米国様への貢物は消費税で

米国様への貢物は消費税で

今月9日、米国は日本を含む60の国や地域を対象に、いわゆる「トランプ関税(相互関税)」を発動しました。

日本に対しては24%の関税を課すとしていますが、むろん対象にならない品目もあります。

ホワイトハウスが発表したファクトシートによれば、既に25%の関税が発動されている自動車のほか、やはり既に25%の関税が課されている鉄鋼製品やアルミニウム、それに加えて今後発動されるであろう自動車部品、銅、医薬品、半導体、木材、金や銀などの地金、アメリカ国内では入手できないエネルギーや鉱物などは相互関税の対象にはしないという。

これらの条件を示した上でトランプ政権は、「90日間は措置を停止してやるから、そのかわり貢物を持って交渉に来い」と言っています。

それを受けて今週、2回目となる日米の閣僚交渉が行われる予定です。

交渉にあたり赤澤経済再生相は「米国経済にとって日本からの投資促進はメリットがある…」などと説明しているらしいのですが、むろんそれだけでトランプ政権を納得させることは不可能でしょう。

といって、米国産コメ輸入の拡大とかを差し出すのは止めてほしい。

最も効果的な貢物は、何と言っても消費税の廃止(もしくは減税)です。

なにせトランプ大統領自身が「日本の消費税は輸出補助金であり非関税障壁だ」と言ってくれているのですから、「わかりました。
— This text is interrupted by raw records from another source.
lemma nat_trans_samp_sharp:
  assumes X: "presheaf X"
  shows "nat_trans (Tps X) (Tps (powps X n)) (samp_sharp X n)"
  unfolding nat_trans_def
proof (intro conjI allI impI)
  fix a C assume "C \<in> Ob (Tps X) a"
  then obtain c x where "C = cls X a (c, x)" "x \<in> Ob X (a + c)" by (auto elim: TOb_E)
  then show "samp_sharp X n a C \<in> Ob (Tps (powps X n)) a"
    using juxt_in_powps[OF X, of a "replicate n (c, x)"] by (simp add: samp_sharp_cls[OF X])
next
  fix a a' f C assume "is_inj a a' f \<and> C \<in> Ob (Tps X) a"
  then obtain c x where f: "is_inj a a' f" and C: "C = cls X a (c, x)" and x: "x \<in> Ob X (a + c)"
    by (auto elim: TOb_E)
  show "samp_sharp X n a' (Mor (Tps X) a a' f C) = Mor (Tps (powps X n)) a a' f (samp_sharp X n a C)"
    using juxt_natural[OF X f, of "replicate n (c, x)"] x
    by (simp add: C TMor_cls[OF X f] TMor_cls[OF presheaf_powps[OF X] f] samp_sharp_cls[OF X]
        presheaf_Mor_closed[OF X is_inj_sum_inj_right_id[OF f]])
qed

lemma kcomp_samp_sharp_cls:
  assumes X: "presheaf X" and x: "x \<in> Ob X (a + b + c)"
  shows "muT (powps X n) a (Tnt (Tps (powps X n)) (samp_sharp X n) a (cls (Tps X) a (b, cls X (a + b) (c, x))))
     = cls (powps X n) a (b + n * c, juxt X (a + b) (replicate n (c, x)))"
  by (simp add: Tnt_cls[OF nat_trans_samp_sharp[OF X]] samp_sharp_cls[OF X x] muT_cls[OF presheaf_powps[OF X]])

section \<open>Equality in the colimit\<close>

text \<open>Since Inj has the amalgamation property, joinability survives colimit steps in both directions,
so representatives of the same class are joinable.\<close>

definition joinable :: "'a psh \<Rightarrow> nat \<Rightarrow> nat \<times> 'a \<Rightarrow> nat \<times> 'a \<Rightarrow> bool" where
  "joinable Y a p q \<longleftrightarrow> (\<exists>d h h'. is_inj (fst p) d h \<and> is_inj (fst q) d h' \<and>
     Mor Y (a + fst p) (a + d) (sum_inj a a id h) (snd p) = Mor Y (a + fst q) (a + d) (sum_inj a a id h') (snd q))"

lemma joinable_refl: "joinable Y a p p"
  unfolding joinable_def by (metis is_inj_id_refl)

lemma joinable_colim_step:
  assumes Y: "presheaf Y" and pq: "joinable Y a p q" and qr: "colim_step Y a q r"
    and x: "snd p \<in> Ob Y (a + fst p)"
  shows "joinable Y a p r"
proof -
  obtain d h h' where h: "is_inj (fst p) d h" and h': "is_inj (fst q) d h'"
    and eq: "Mor Y (a + fst p) (a + d) (sum_inj a a id h) (snd p) = Mor Y (a + fst q) (a + d) (sum_inj a a id h') (snd q)"
    using pq by (auto simp: joinable_def)
  obtain b1 b2 g y where q: "q = (b1, y)" and y: "y \<in> Ob Y (a + b1)" and g: "is_inj b1 b2 g"
    and r: "r = (b2, Mor Y (a + b1) (a + b2) (sum_inj a a id g) y)"
    using qr by (auto simp: colim_step_def)
  obtain D p1 p2 where p1: "is_inj d D p1" and p2: "is_inj b2 D p2" and p12: "\<And>i. i < b1 \<Longrightarrow> p1 (h' i) = p2 (g i)"
    using is_inj_amalgamation[OF h'[unfolded q fst_conv] g] by blast
  have "Mor Y (a + fst p) (a + D) (sum_inj a a id (p1 \<circ> h)) (snd p)
      = Mor Y (a + d) (a + D) (sum_inj a a id p1) (Mor Y (a + fst p) (a + d) (sum_inj a a id h) (snd p))"
    by (rule presheaf_Mor_comp[OF Y is_inj_sum_inj_id[OF h] is_inj_sum_inj_id[OF p1] x, symmetric])
      (simp add: sum_inj_id_comp)
  also have "\<dots> = Mor Y (a + d) (a + D) (sum_inj a a id p1) (Mor Y (a + b1) (a + d) (sum_inj a a id h') y)"
    by (simp add: eq q)
  also have "\<dots> = Mor Y (a + b1) (a + D) (sum_inj a a id (p2 \<circ> g)) y"
    using h' by (intro presheaf_Mor_comp[OF Y is_inj_sum_inj_id is_inj_sum_inj_id[OF p1] y]) (simp_all add: q sum_inj_def p12)
  also have "\<dots> = Mor Y (a + b2) (a + D) (sum_inj a a id p2) (Mor Y (a + b1) (a + b2) (sum_inj a a id g) y)"
    by (rule presheaf_Mor_comp[OF Y is_inj_sum_inj_id[OF g] is_inj_sum_inj_id[OF p2] y, symmetric])
      (simp add: sum_inj_id_comp)
  finally show ?thesis
    unfolding joinable_def r fst_conv snd_conv using is_inj_comp[OF h p1] p2 by blast
qed

lemma joinable_colim_step_converse:
  assumes Y: "presheaf Y" and pq: "joinable Y a p q" and rq: "colim_step Y a r q"
  shows "joinable Y a p r"
proof -
  obtain d h h' where h: "is_inj (fst p) d h" and h': "is_inj (fst q) d h'"
    and eq: "Mor Y (a + fst p) (a + d) (sum_inj a a id h) (snd p) = Mor Y (a + fst q) (a + d) (sum_inj a a id h') (snd q)"
    using pq by (auto simp: joinable_def)
  obtain b0 b1 g y where r: "r = (b0, y)" and y: "y \<in> Ob Y (a + b0)" and g: "is_inj b0 b1 g"
    and q: "q = (b1, Mor Y (a + b0) (a + b1) (sum_inj a a id g) y)"
    using rq by (auto simp: colim_step_def)
  have h1: "is_inj b1 d h'" using h' q by simp
  have "Mor Y (a + fst p) (a + d) (sum_inj a a id h) (snd p) = Mor Y (a + b0) (a + d) (sum_inj a a id (h' \<circ> g)) y"
    by (simp add: eq q presheaf_Mor_comp[OF Y is_inj_sum_inj_id[OF g] is_inj_sum_inj_id[OF h1] y] sum_inj_id_comp)
  then show ?thesis
    unfolding joinable_def r fst_conv snd_conv using h is_inj_comp[OF g h1] by blast
qed

lemma colim_eq_imp_joinable:
  assumes Y: "presheaf Y" and pq: "colim_eq Y a p q" and x: "snd p \<in> Ob Y (a + fst p)"
  shows "joinable Y a p q"
  using pq unfolding colim_eq_def
proof (induction rule: rtranclp_induct)
  case (step q r)
  then show ?case
    using joinable_colim_step[OF Y _ _ x] joinable_colim_step_converse[OF Y] by blast
qed (rule joinable_refl)

section \<open>Separating blocks of fresh names\<close>

lemma block_end_le: "r < n \<Longrightarrow> r * c + c \<le> n * (c::nat)"
  using mult_le_mono1[of "Suc r" n c] by simp

lemma is_inj_block:
  assumes h: "is_inj (b + n * c) d h" and r: "r < n"
  shows "is_inj (b + c) d (h \<circ> sum_inj b b id ((+) (r * c)))"
  using is_inj_comp[OF is_inj_sum_inj_id[OF is_inj_add_left[OF block_end_le[OF r]]] h] .

lemma card_blocks_meeting_le:
  assumes h: "is_inj (b + n * c) d h" and S: "finite S"
  shows "card {r. r < n \<and> (\<exists>j<c. h (b + r * c + j) \<in> S)} \<le> card S"
proof -
  define block where "block s = (the_inv_into {..<b + n * c} h s - b) div c" for s
  have inj: "inj_on h {..<b + n * c}" using h by (simp add: is_inj_def)
  have "{r. r < n \<and> (\<exists>j<c. h (b + r * c + j) \<in> S)} \<subseteq> block ` S"
  proof safe
    fix r j assume r: "r < n" and j: "j < c" and hS: "h (b + r * c + j) \<in> S"
    have "b + r * c + j < b + n * c" using block_end_le[OF r, of c] j by linarith
    then have "block (h (b + r * c + j)) = r"
      using j by (simp add: block_def the_inv_into_f_f[OF inj])
    with hS show "r \<in> block ` S" by (metis image_eqI)
  qed
  then show ?thesis
    using card_image_le[OF S, of block] card_mono[OF finite_imageI[OF S]] by (meson le_trans)
qed

text \<open>Each outer name of one side meets at most one block of fresh names of the other side.\<close>

lemma exists_separating_block:
  assumes h: "is_inj (b + n * c) d h" and h': "is_inj (b' + n * c') d h'" and n: "b + b' < n"
  obtains r where "r < n" "\<And>j. j < c \<Longrightarrow> h (b + r * c + j) \<notin> h' ` {..<b'}"
    "\<And>j. j < c' \<Longrightarrow> h' (b' + r * c' + j) \<notin> h ` {..<b}"
proof -
  let ?B = "{r. r < n \<and> (\<exists>j<c. h (b + r * c + j) \<in> h' ` {..<b'})}"
  let ?B' = "{r. r < n \<and> (\<exists>j<c'. h' (b' + r * c' + j) \<in> h ` {..<b})}"
  have "card (?B \<union> ?B') \<le> b' + b"
    using card_blocks_meeting_le[OF h, of "h' ` {..<b'}"] card_blocks_meeting_le[OF h', of "h ` {..<b}"]
      card_image_le[of "{..<b'}" h'] card_image_le[of "{..<b}" h] card_Un_le[of ?B ?B']
    by simp
  then have "\<not> {..<n} \<subseteq> ?B \<union> ?B'"
    using card_mono[of "?B \<union> ?B'" "{..<n}"] n by fastforce
  then show ?thesis using that by blast
qed

lemma juxt_replicate_nth:
  assumes X: "presheaf X" and x: "x \<in> Ob X (a + c)"
  shows "i < n \<Longrightarrow> juxt X a (replicate n (c, x)) ! i = Mor X (a + c) (a + n * c) (sum_inj a a id ((+) ((n - Suc i) * c))) x"
proof (induction n arbitrary: i)
  case (Suc n)
  show ?case
  proof (cases i)
    case 0
    show ?thesis
      by (simp add: 0 add.commute[of c] id_def)
  next
    case (Suc i')
    with Suc.prems have i': "i' < n" by simp
    have "length (juxt X a (replicate n (c, x))) = n"
      using juxt_in_powps[OF X, of a "replicate n (c, x)"] x by simp
    then have "juxt X a (replicate (Suc n) (c, x)) ! i
        = Mor X (a + n * c) (a + (n * c + c)) id (Mor X (a + c) (a + n * c) (sum_inj a a id ((+) ((n - Suc i') * c))) x)"
      using Suc.IH[OF i'] i' by (simp add: Suc id_def)
    also have "\<dots> = Mor X (a + c) (a + (n * c + c)) (sum_inj a a id ((+) ((n - Suc i') * c))) x"
    proof (rule presheaf_Mor_comp[OF X _ _ x])
      show "is_inj (a + c) (a + n * c) (sum_inj a a id ((+) ((n - Suc i') * c)))"
        using block_end_le[of "n - Suc i'" n c] i' by (simp add: is_inj_add_left)
    qed (simp_all add: is_inj_id)
    finally show ?thesis by (simp add: Suc add.commute[of c] id_def)
  qed
qed simp

lemma juxt_replicate_block:
  assumes X: "presheaf X" and x: "x \<in> Ob X (a + b + c)" and h: "is_inj (b + n * c) d h" and r: "r < n"
  shows "map (Mor X (a + (b + n * c)) (a + d) (sum_inj a a id h)) (juxt X (a + b) (replicate n (c, x))) ! (n - Suc r)
    = Mor X (a + b + c) (a + d) (sum_inj a a id (h \<circ> sum_inj b b id ((+) (r * c)))) x"
proof -
  have "length (juxt X (a + b) (replicate n (c, x))) = n"
    using juxt_in_powps[OF X, of "a + b" "replicate n (c, x)"] x by simp
  moreover have "juxt X (a + b) (replicate n (c, x)) ! (n - Suc r)
      = Mor X (a + b + c) (a + b + n * c) (sum_inj (a + b) (a + b) id ((+) (r * c))) x"
    using juxt_replicate_nth[OF X x, of "n - Suc r" n] r by (simp add: Suc_diff_Suc)
  moreover have "Mor X (a + b + n * c) (a + d) (sum_inj a a id h)
      (Mor X (a + b + c) (a + b + n * c) (sum_inj (a + b) (a + b) id ((+) (r * c))) x)
      = Mor X (a + b + c) (a + d) (sum_inj a a id (h \<circ> sum_inj b b id ((+) (r * c)))) x"
  proof (rule presheaf_Mor_comp[OF X _ _ x])
    show "is_inj (a + b + c) (a + b + n * c) (sum_inj (a + b) (a + b) id ((+) (r * c)))"
      using block_end_le[OF r, of c] by (simp add: is_inj_add_left)
    show "is_inj (a + b + n * c) (a + d) (sum_inj a a id h)"
      using is_inj_sum_inj_id[OF h, of a] by (simp add: add.assoc)
  qed (auto simp: sum_inj_def)
  ultimately show ?thesis using r by (simp add: add.assoc)
qed

lemma separated_block_of_equal_samples:
  assumes X: "presheaf X" and x: "x \<in> Ob X (a + b + c)" and x': "x' \<in> Ob X (a + b' + c')"
    and n: "b + b' < n"
    and eq: "cls (powps X n) a (b + n * c, juxt X (a + b) (replicate n (c, x)))
      = cls (powps X n) a (b' + n * c', juxt X (a + b') (replicate n (c', x')))"
  obtains d u u' where "is_inj (b + c) d u" "is_inj (b' + c') d u'"
    "\<And>j. j < c \<Longrightarrow> u (b + j) \<notin> u' ` {..<b'}" "\<And>j. j < c' \<Longrightarrow> u' (b' + j) \<notin> u ` {..<b}"
    "Mor X (a + b + c) (a + d) (sum_inj a a id u) x = Mor X (a + b' + c') (a + d) (sum_inj a a id u') x'"
proof -
  have "joinable (powps X n) a (b + n * c, juxt X (a + b) (replicate n (c, x))) (b' + n * c', juxt X (a + b') (replicate n (c', x')))"
    using eq juxt_in_powps[OF X, of "a + b" "replicate n (c, x)"] x
    by (intro colim_eq_imp_joinable[OF presheaf_powps[OF X]]) (simp_all add: cls_eq_iff add.assoc)
  then obtain d h h' where h: "is_inj (b + n * c) d h" and h': "is_inj (b' + n * c') d h'"
    and samples: "map (Mor X (a + (b + n * c)) (a + d) (sum_inj a a id h)) (juxt X (a + b) (replicate n (c, x)))
      = map (Mor X (a + (b' + n * c')) (a + d) (sum_inj a a id h')) (juxt X (a + b') (replicate n (c', x')))"
    by (auto simp: joinable_def)
  obtain r where r: "r < n" and sep: "\<And>j. j < c \<Longrightarrow> h (b + r * c + j) \<notin> h' ` {..<b'}"
    and sep': "\<And>j. j < c' \<Longrightarrow> h' (b' + r * c' + j) \<notin> h ` {..<b}"
    using exists_separating_block[OF h h' n] by blast
  define u where "u = h \<circ> sum_inj b b id ((+) (r * c))"
  define u' where "u' = h' \<circ> sum_inj b' b' id ((+) (r * c'))"
  have restrict: "u j = h j" if "j < b" for j
    using that by (simp add: u_def sum_inj_def)
  have restrict': "u' j = h' j" if "j < b'" for j
    using that by (simp add: u'_def sum_inj_def)
  have shift: "u (b + j) = h (b + r * c + j)" "u' (b' + j) = h' (b' + r * c' + j)" for j
    by (simp_all add: u_def u'_def sum_inj_def add.assoc)
  show ?thesis
  proof (rule that)
    show "is_inj (b + c) d u" "is_inj (b' + c') d u'"
      using is_inj_block[OF h r] is_inj_block[OF h' r] by (simp_all add: u_def u'_def)
    show "u (b + j) \<notin> u' ` {..<b'}" if "j < c" for j
      using sep[OF that] by (auto simp: shift restrict')
    show "u' (b' + j) \<notin> u ` {..<b}" if "j < c'" for j
      using sep'[OF that] by (auto simp: shift restrict)
    show "Mor X (a + b + c) (a + d) (sum_inj a a id u) x = Mor X (a + b' + c') (a + d) (sum_inj a a id u') x'"
      using juxt_replicate_block[OF X x h r] juxt_replicate_block[OF X x' h' r] samples by (simp add: u_def u'_def)
  qed
qed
直ちに非関税障壁である消費税を廃止(もしくは減税)させて頂きます」と応じればいい。

むろん、消費税を廃止したところで、デカくて、左ハンドルで、燃費が悪くて、ディーラー網すら整備されていない米国の自動車が日本国内で売れることなどあり得ないでしょうが、日本の消費者には大きなメリットです。

日本国内で損をするのは、消費税の還付金(輸出戻し税=輸出補助金)を失ってしまう輸出産業ぐらいです。

消費税が廃止されると政府は28兆円の税収を失いますが、そもそも政府の赤字は国民の黒字なので一向に構わない。

もしも消費税が廃止(もしくは減税)になれば、多くの国内事業者は販売価格を引き下げることになり、仮に価格を据え置く事業者がいたとしても、それはそのまま事業者にとって非課税利益になります。

なので、仕入先に対しても「少し価格を上げていいですよ」という事業者も現れるでしょうから、その場合は仕入先もまた得をします。

このように消費税の廃止(もしくは減税)は、国内の事業者に対して「誰に得させるか」の選択肢を与えることになります。

そして何より、輸出戻し税が無くなる、もしくは削減されることで輸入相手国(米国様)が得をします。

これほどのWin-Win(ウィンウィン)な貢物はない。

立憲民主党以外の野党は全て消費税減税に賛成していますので、例え少数与党であっても自民党さえその気になれば消費税減税は十分に実現可能です。